- lifetime of the cooking hobby (with a "career arc": beginning, development, establishment, maintenance, decline). Early on, there was a focus on learning, later on the focus was on collecting (recipes etc.)
- Subjects (types of cooking e.g. baking, barbecue, Chinese, "that summer I was really into French") The focus here is on classifying, defined as "meaningful clustering of experience".
- Episodes (Doing the cooking!) Hartel identified nine typical steps e.g. planning (which involves searching for recipes) - see the link at the end for her article that gives them all.
I may be misinterpreting, but I think this meant that (for example) someone still in the learning phase who was cooking a French meal would be engaged in slightly different information behaviour to someone who was an experienced cook (e.g. they maybe searching their own recipe collection rather outside sources at the planning stage).

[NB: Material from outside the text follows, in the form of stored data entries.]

(* Let $A=\{a_{ij}: i,j\ge1\}$ with $a_{ij}\prec a_{kl}$ iff $j=k$. For a permutation $\sigma\in\mathfrak S_n$ define $$\mathbf S^\sigma(A)=\sum_{i_1,\dots,i_n\ge1}a_{i_{\sigma^{-1}(1)}i_1}a_{i_{\sigma^{-1}(2)}i_2}\cdots a_{i_{\sigma^{-1}(n)}i_n}.$$ Then: (i) $\mathbf S^\sigma(A)$ equals the sum of all words $w_1\cdots w_n$ over $A$ with $w_j\prec w_{\sigma(j)}$ for all $j\in[n]$; (ii) the $\mathbf S^\sigma$, $\sigma$ ranging over all permutations of all $[n]$, $n\ge0$, are linearly independent; (iii) $\mathbf S^\sigma\mathbf S^\tau=\mathbf S^{\sigma\bullet\tau}$; (iv) defining $\mathbf S^\sigma(A\oplus B)$ as the sum of all words $w$ over $A\oplus B$ with $w_j\prec w_{\sigma(j)}$ for all $j$, and letting letters of $A$ commute with those of $B$, $$\mathbf S^\sigma(A\oplus B)=\sum_{C}\mathbf S^{\mathrm{std}(\sigma_{|[n]\setminus U_C})}(A)\,\mathbf S^{\mathrm{std}(\sigma_{|U_C})}(B),$$ the sum over all sets $C$ of cycles of $\sigma$, where $U_C$ is the union of the supports of the cycles in $C$. Thus the span of the $\mathbf S^\sigma$ with coproduct $\Delta F=F(A\oplus B)$ is a Hopf algebra isomorphic to the Grossman–Larson-type cocommutative Hopf algebra $\mathbf{SGSym}$ of permutations.
   Context: $\sigma\bullet\tau$ denotes shifted concatenation: for $\sigma\in\mathfrak S_n,\tau\in\mathfrak S_m$, the permutation of $[n+m]$ with word $\sigma(1)\cdots\sigma(n)(\tau(1)+n)\cdots(\tau(m)+n)$. $B=\{b_{ij}:i,j\ge1\}$ is a disjoint copy of $A$ with the same relation; $A\oplus B$ is the disjoint union with the relations of $A$ and of $B$ together with $a\prec b$ for all $a\in A$, $b\in B$ (never $b\prec a$). For $U\subseteq[n]$ stable under a function $f$, $\mathrm{std}(f_{|U})=\tau_U\circ f_{|U}\circ\tau_U^{-1}$ where $\tau_U:U\to[|U|]$ is the increasing bijection. $\mathbf{SGSym}$ is the Hopf algebra with basis $\mathbf S^\sigma$ (all permutations), product $\mathbf S^\sigma\mathbf S^\tau=\mathbf S^{\sigma\bullet\tau}$ and coproduct obtained by splitting the set of cycles of $\sigma$ in two parts in all ways and standardizing, as in (iv). *)

theory Defs
  imports "HOL-Combinatorics.Permutations"
begin

text \<open>Letters a_ij are pairs (i,j) of positive naturals.
  Noncommutative formal series with coefficients in 'k are functions word => 'k.
  Word positions are 1-based in the paper: w_j is w ! (j - 1).\<close>

type_synonym letter = "nat \<times> nat"

definition letters :: "letter set" where
  "letters = {(i, j). 1 \<le> i \<and> 1 \<le> j}"

definition prec :: "letter \<Rightarrow> letter \<Rightarrow> bool" where
  "prec x y \<longleftrightarrow> snd x = fst y"

text \<open>S^sigma(A) defined by the sum formula: the coefficient of a word w is the
  number of index tuples (i_1,...,i_n) of positive integers whose monomial
  a_{i_{sigma^-1(1)} i_1} ... a_{i_{sigma^-1(n)} i_n} equals w.
  Tuples are encoded as functions vanishing outside {1..n}.\<close>
definition S :: "(nat \<Rightarrow> nat) \<Rightarrow> nat \<Rightarrow> letter list \<Rightarrow> 'k::comm_ring_1" where
  "S \<sigma> n w = of_nat (card {i :: nat \<Rightarrow> nat.
      (\<forall>j\<in>{1..n}. 1 \<le> i j) \<and> (\<forall>j. j \<notin> {1..n} \<longrightarrow> i j = 0) \<and>
      w = map (\<lambda>j. (i (inv_into {1..n} \<sigma> j), i j)) [1..<n+1]})"

definition S_words :: "(nat \<Rightarrow> nat) \<Rightarrow> nat \<Rightarrow> letter list \<Rightarrow> 'k::comm_ring_1" where
  "S_words \<sigma> n w = (if w \<in> lists letters \<and> length w = n \<and>
      (\<forall>j\<in>{1..n}. prec (w ! (j - 1)) (w ! (\<sigma> j - 1))) then 1 else 0)"

definition series_mult :: "(letter list \<Rightarrow> 'k::comm_ring_1) \<Rightarrow> (letter list \<Rightarrow> 'k) \<Rightarrow> letter list \<Rightarrow> 'k" where
  "series_mult F G w = (\<Sum>k\<in>{0..length w}. F (take k w) * G (drop k w))"

definition shift_concat :: "(nat \<Rightarrow> nat) \<Rightarrow> nat \<Rightarrow> (nat \<Rightarrow> nat) \<Rightarrow> nat \<Rightarrow> nat \<Rightarrow> nat" where
  "shift_concat \<sigma> n \<tau> m = (\<lambda>i. if 1 \<le> i \<and> i \<le> n then \<sigma> i
      else if n < i \<and> i \<le> n + m then \<tau> (i - n) + n else i)"

text \<open>Alphabet A \<oplus> B: Inl (i,j) = a_ij, Inr (i,j) = b_ij.\<close>
fun precAB :: "letter + letter \<Rightarrow> letter + letter \<Rightarrow> bool" where
  "precAB (Inl x) (Inl y) = prec x y"
| "precAB (Inr x) (Inr y) = prec x y"
| "precAB (Inl x) (Inr y) = True"
| "precAB (Inr x) (Inl y) = False"

definition S_AB :: "(nat \<Rightarrow> nat) \<Rightarrow> nat \<Rightarrow> (letter + letter) list \<Rightarrow> 'k::comm_ring_1" where
  "S_AB \<sigma> n w = (if w \<in> lists (Inl ` letters \<union> Inr ` letters) \<and> length w = n \<and>
      (\<forall>j\<in>{1..n}. precAB (w ! (j - 1)) (w ! (\<sigma> j - 1))) then 1 else 0)"

text \<open>Letting letters of A commute with letters of B: the image of a series over
  A \<oplus> B in K<A> \<otimes> K<B>; coefficient of u \<otimes> v is the sum of the coefficients
  of all words whose A-subword is u and whose B-subword is v.\<close>
definition projA :: "(letter + letter) list \<Rightarrow> letter list" where
  "projA w = map projl (filter isl w)"
definition projB :: "(letter + letter) list \<Rightarrow> letter list" where
  "projB w = map projr (filter (\<lambda>x. \<not> isl x) w)"

definition commute_image :: "((letter + letter) list \<Rightarrow> 'k::comm_ring_1) \<Rightarrow> letter list \<Rightarrow> letter list \<Rightarrow> 'k" where
  "commute_image F u v = (\<Sum>w\<in>{w. projA w = u \<and> projB w = v}. F w)"

text \<open>Cycles of sigma (as their supports, fixed points included) and standardization.\<close>
definition orbit_of :: "(nat \<Rightarrow> nat) \<Rightarrow> nat \<Rightarrow> nat set" where
  "orbit_of \<sigma> x = {(\<sigma> ^^ k) x | k. True}"

definition cycles :: "(nat \<Rightarrow> nat) \<Rightarrow> nat \<Rightarrow> nat set set" where
  "cycles \<sigma> n = {orbit_of \<sigma> x | x. x \<in> {1..n}}"

definition rank :: "nat set \<Rightarrow> nat \<Rightarrow> nat" where
  "rank U x = card {y \<in> U. y \<le> x}"

definition std :: "(nat \<Rightarrow> nat) \<Rightarrow> nat set \<Rightarrow> nat \<Rightarrow> nat" where
  "std f U = (\<lambda>k. if k \<in> {1..card U} then rank U (f (the_inv_into U (rank U) k)) else k)"

end

theory Submission
  imports Defs "HOL-Combinatorics.Orbits"
begin

(* The four parts of the theorem all rest on one observation: a word w_1...w_n over A
   is produced by the index tuple (i_1,...,i_n) of the defining sum of S^sigma iff its
   j-th letter is a_{i_{sigma^-1(j)} i_j}, so the tuple is read off from the second
   indices of w and exists iff w_j \<prec> w_sigma(j) for all j ("w is sigma-admissible").
   This gives (i), and every S^sigma is the 0/1 characteristic series of its
   admissible words.  Then:
   (ii) the word a_{sigma^-1(1),1} ... a_{sigma^-1(n),n} is admissible for sigma only;
   (iii) admissibility for sigma \<bullet> tau splits into admissibility of the prefix of
       length n for sigma and of the suffix for tau;
   (iv) a word w over A \<oplus> B is determined by its A- and B-subwords and the set U of
       positions of B-letters; it is admissible iff U is sigma-stable and both subwords
       are admissible for the standardized restrictions of sigma.  The sigma-stable
       subsets of [n] are exactly the unions of sets of cycles, so reindexing the sum
       over words by U and the sum over sets of cycles by their union gives (iv). *)

lemma permutes_interval_facts:
  assumes p: "\<sigma> permutes {1..n}" and j: "j \<in> {1..n}"
  shows "inv_into {1..n} \<sigma> j \<in> {1..n}" "\<sigma> (inv_into {1..n} \<sigma> j) = j"
    "inv_into {1..n} \<sigma> (\<sigma> j) = j" "\<sigma> j \<in> {1..n}"
proof -
  have b: "bij_betw \<sigma> {1..n} {1..n}" using p by (rule permutes_imp_bij)
  show "inv_into {1..n} \<sigma> j \<in> {1..n}" using b j by (metis bij_betw_imp_surj_on inv_into_into)
  show "\<sigma> (inv_into {1..n} \<sigma> j) = j" using b j by (simp add: bij_betw_inv_into_right)
  show "inv_into {1..n} \<sigma> (\<sigma> j) = j" using b j by (simp add: bij_betw_inv_into_left)
  show "\<sigma> j \<in> {1..n}" using permutes_in_image[OF p] j by blast
qed

lemma permutes_eqI:
  assumes "\<sigma> permutes X" "\<tau> permutes X" "\<forall>x\<in>X. \<sigma> x = \<tau> x"
  shows "\<sigma> = \<tau>"
proof
  fix x show "\<sigma> x = \<tau> x"
    using assms by (cases "x \<in> X") (auto simp: permutes_not_in)
qed

lemma set_map_upt: "x \<in> set (map f [1..<n+1]) \<Longrightarrow> \<exists>j\<in>{1..n}. x = f j"
  by (auto simp del: upt_Suc)

lemma map_upt_nth: "j \<in> {1..n} \<Longrightarrow> map f [1..<n+1] ! (j - 1) = f j"
  by (subst nth_map) (auto simp del: upt_Suc)

section \<open>Part (i): \<open>S\<^sup>\<sigma>\<close> is the sum of the admissible words\<close>

definition admissible :: "(nat \<Rightarrow> nat) \<Rightarrow> nat \<Rightarrow> letter list \<Rightarrow> bool" where
  "admissible \<sigma> n w \<longleftrightarrow> w \<in> lists letters \<and> length w = n \<and>
      (\<forall>j\<in>{1..n}. prec (w ! (j - 1)) (w ! (\<sigma> j - 1)))"

lemma S_words_admissible: "S_words \<sigma> n w = (if admissible \<sigma> n w then 1 else 0)"
  by (simp add: S_words_def admissible_def)

definition index_tuples :: "(nat \<Rightarrow> nat) \<Rightarrow> nat \<Rightarrow> letter list \<Rightarrow> (nat \<Rightarrow> nat) set" where
  "index_tuples \<sigma> n w = {i.
      (\<forall>j\<in>{1..n}. 1 \<le> i j) \<and> (\<forall>j. j \<notin> {1..n} \<longrightarrow> i j = 0) \<and>
      w = map (\<lambda>j. (i (inv_into {1..n} \<sigma> j), i j)) [1..<n+1]}"

lemma S_index_tuples: "S \<sigma> n w = of_nat (card (index_tuples \<sigma> n w))"
  by (simp add: S_def index_tuples_def)

text \<open>The only candidate tuple: the second indices of the letters of \<open>w\<close>.\<close>
definition column_tuple :: "nat \<Rightarrow> letter list \<Rightarrow> nat \<Rightarrow> nat" where
  "column_tuple n w j = (if j \<in> {1..n} then snd (w ! (j - 1)) else 0)"

lemma index_tuplesD:
  assumes "i \<in> index_tuples \<sigma> n w"
  shows "\<And>j. j \<in> {1..n} \<Longrightarrow> 1 \<le> i j" "\<And>j. j \<notin> {1..n} \<Longrightarrow> i j = 0"
    "w = map (\<lambda>j. (i (inv_into {1..n} \<sigma> j), i j)) [1..<n+1]"
  using assms unfolding index_tuples_def by blast+

lemma index_tuples_nth:
  assumes "i \<in> index_tuples \<sigma> n w" "j \<in> {1..n}"
  shows "w ! (j - 1) = (i (inv_into {1..n} \<sigma> j), i j)"
  by (subst index_tuplesD(3)[OF assms(1)]) (rule map_upt_nth[OF assms(2)])

lemma index_tuples_unique:
  assumes i: "i \<in> index_tuples \<sigma> n w"
  shows "i = column_tuple n w"
proof
  fix j
  show "i j = column_tuple n w j"
  proof (cases "j \<in> {1..n}")
    case True
    then show ?thesis using index_tuples_nth[OF i True] by (simp add: column_tuple_def)
  next
    case False
    then show ?thesis using index_tuplesD(2)[OF i] by (auto simp: column_tuple_def)
  qed
qed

This was a very interesting talk from a research perspective, but also in practical terms I think it could give more purpose to information literacy initaitives in public libraries who were thinking about targetting people interested in cookery (e.g. concentration on finding new recipes vs. organising all the recipes you've collected on scraps of paper, books and bookmarks).
There is an article about her research:
Hartel, J. (2006) "Information activities and resources in an episode of gourmet cooking" Information Research, 12(1). http://informationr.net/ir/12-1/paper282.html
One article that Hartel mentioned in particular was:
Savolainen, R. (2006) Time as a context of information. Library and Information Science Research, 28 (1) 110-127.